Una vez hayamos detectado a estas personas, básicamente tenemos que saber que se las controla quitándoles su poder, esto se hace:
· Evitándolas
· Escapando de ellas
· No permitiéndoles acceso a nuestra intimidad
· Abstraerse mentalmente de su presencia y comportamientos (cuando se detecta un comportamiento tóxico no hacer caso, no darle importancia, no ofenderse…).
Pero, ¿y qué pasa si nos toca convivir con esa persona?
Veamos algunas técnicas para desarmar a estas personas:
· Tenemos que evitar al máximo el contacto personal con ellos. Hoy en día con las nuevas tecnología es más complicado, pero tenemos que esforzarnos.

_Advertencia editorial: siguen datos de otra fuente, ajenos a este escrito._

(* Let $l$ be a prime, $n\ge 2$, and $\mathcal{G}_n=\langle\alpha_1,\dots,\alpha_n\rangle\le S_{l^n}$ with $\alpha_r$ the product of the $l$-cycles $(j,\ j+l^{r-1},\dots,\ j+(l-1)l^{r-1})$, $j=1,\dots,l^{r-1}$. Let $\beta_i=((i-1)l+1,\ (i-1)l+2,\dots,\ il)$ for $1\le i\le l^{n-1}$. Then every $l$-cycle in $\mathcal{G}_n$ is of the form $\beta_i^j$ for some $i$ and $j$, and the conjugacy class of $\alpha_1=\beta_1$ in $\mathcal{G}_n$ is exactly $\{\beta_1,\dots,\beta_{l^{n-1}}\}$; in particular it has $l^{n-1}$ elements. *)

theory Defs
  imports "HOL-Algebra.Sym_Groups" "HOL-Algebra.Generated_Groups" "HOL-Combinatorics.Cycles" "HOL-Computational_Algebra.Primes"
begin

definition alpha :: "nat \<Rightarrow> nat \<Rightarrow> (nat \<Rightarrow> nat)" where
  "alpha l r = foldr (\<lambda>j f. cycle_of_list (map (\<lambda>k. j + k * l^(r-1)) [0..<l]) \<circ> f)
                      [1..<l^(r-1)+1] id"

definition beta :: "nat \<Rightarrow> nat \<Rightarrow> (nat \<Rightarrow> nat)" where
  "beta l i = cycle_of_list [(i-1)*l+1..<i*l+1]"

definition Gn :: "nat \<Rightarrow> nat \<Rightarrow> (nat \<Rightarrow> nat) set" where
  "Gn l n = generate (sym_group (l^n)) (alpha l ` {1..n})"

definition is_cycle_of_length :: "nat \<Rightarrow> (nat \<Rightarrow> nat) \<Rightarrow> bool" where
  "is_cycle_of_length m \<sigma> \<longleftrightarrow> (\<exists>cs. distinct cs \<and> length cs = m \<and> \<sigma> = cycle_of_list cs)"

definition conj_class_in :: "('a, 'b) monoid_scheme \<Rightarrow> 'a set \<Rightarrow> 'a \<Rightarrow> 'a set" where
  "conj_class_in G H x = {g \<otimes>\<^bsub>G\<^esub> x \<otimes>\<^bsub>G\<^esub> inv\<^bsub>G\<^esub> g | g. g \<in> H}"

end

theory Submission
  imports Defs
begin

(* Cut {1..l^n} into the l^(n-1) consecutive blocks B_b = {b*l+1, ..., b*l+l},
   so that beta l (b+1) is the rotation of B_b.  Writing a point as a + c*l^(r-1) + 1 with
   a < l^(r-1) and c < l, the generator alpha l r adds 1 to the digit c modulo l.  Hence
   alpha l 1 rotates B_0, while for r >= 2 alpha l r permutes the blocks as wholes.  So every
   element of G_n "rotates blocks": it maps each block onto a block by a cyclic shift, and
   this property is closed under composition, which covers all of G_n.
   (1) An l-cycle that rotates blocks moves either all or none of the points of a block; its
       support has l points, so it is exactly one block, on which it acts as a shift:
       the cycle is a power of the corresponding beta.
   (2) If g rotates blocks then g o beta l 1 o g^-1 is the rotation of the block containing
       g 1; since G_n acts transitively on {1..l^n}, every block arises this way.
   (3) The betas are pairwise distinct, which gives the cardinality l^(n-1). *)

lemma mixed_radix_bound:
  fixes a c L l :: nat
  assumes "a < L" "c < l"
  shows "a + c * L < l * L"
proof -
  have "a + c * L < (c + 1) * L" using assms(1) by simp
  also have "\<dots> \<le> l * L" using assms(2) by (intro mult_right_mono) auto
  finally show ?thesis .
qed

lemma pow_pred_split: "1 \<le> r \<Longrightarrow> (l::nat) ^ r = l * l ^ (r - 1)"
  by (cases r) auto

lemma block_point_eq:
  fixes b b' d e l :: nat
  assumes "d < l" "e < l"
  shows "b * l + d + 1 = b' * l + e + 1 \<longleftrightarrow> b = b' \<and> d = e"
proof
  assume eq: "b * l + d + 1 = b' * l + e + 1"
  have "(b * l + d) div l = (b' * l + e) div l" "(b * l + d) mod l = (b' * l + e) mod l"
    using eq by simp_all
  then show "b = b' \<and> d = e" using assms by simp
qed simp

lemma mod_shift_eq_iff:
  fixes e t l :: nat
  assumes "e < l"
  shows "(e + t) mod l = e \<longleftrightarrow> t mod l = 0"
proof -
  have "(e + t) mod l = e \<longleftrightarrow> (e + t) mod l = e mod l" using assms by simp
  also have "\<dots> \<longleftrightarrow> l dvd t" by (simp add: mod_eq_dvd_iff_nat)
  finally show ?thesis by (simp add: dvd_eq_mod_eq_0)
qed

lemma cycle_of_list_nth:
  assumes "distinct cs" "i < length cs"
  shows "cycle_of_list cs (cs ! i) = cs ! (Suc i mod length cs)"
proof -
  have "map (cycle_of_list cs) cs = rotate 1 cs"
    using cyclic_rotation[OF assms(1), of 1] by simp
  then have "cycle_of_list cs (cs ! i) = rotate 1 cs ! i" using assms(2) by (metis nth_map)
  then show ?thesis using assms(2) by (simp add: nth_rotate1)
qed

· La forma de neutralizar a una persona tóxica, es la amabilidad y las actitudes positivas (aunque cueste), si perciben que a pesar de sus continuos ataques nos mantenemos en nuestro sitio y con una actitud positiva frenará esas conductas. Tenemos que tener claro que estas personas prueban nuestros límites y hasta donde estamos dispuestos a ceder, si marcamos unos límites claros que no sean franqueables, los aprenderá.
· Prepararse mentalmente. Parece una tontería, pero si tú te preparas mentalmente antes de estar con una persona tóxica, evitaras sentirte tan mal, porque sabrás a lo que te expones. Así que fuerza y una gran sonrisa.
· Di las cosas claras. Se pueden decir las cosas de forma clara y asertiva, es decir, sin herir a nadie. Si explicas con ejemplos o con buenos modales lo que estás dispuesto a aguantar y lo que no, la otra persona no podrá rebatir nada. Recuerda, los límites los pones tú, porque si no, los pondrán los demás.
· Muchas veces, las personas tóxicas no saben que lo son, así que si no son avisados sobre sus conductas destructivas, acaban contaminando todo el entorno. Por lo tanto, en cuanto detectes a una persona tóxica, hazle saber que no estarás dispuesto a tolerar ciertas cosas. Si lo haces desde un inicio aprenderá tus limites, si te esperas “a que cambie” será tarde…
Finalmente, solo me queda añadir una última cosa. Es importante realizar autorreflexión y autocrítica a menudo, porque quizás si no conocemos a ninguna “persona tóxica”, o bien tenemos mucha suerte y sabemos elegir muy bien a los que nos rodean, o bien los tóxicos somos nosotros…”
¿Interesante no?, bueno ya saben que deben salir corriendo cuando se consigan a alguien así, el desgaste que queda de esto es enorme, se los digo por experiencia, no vale la pena.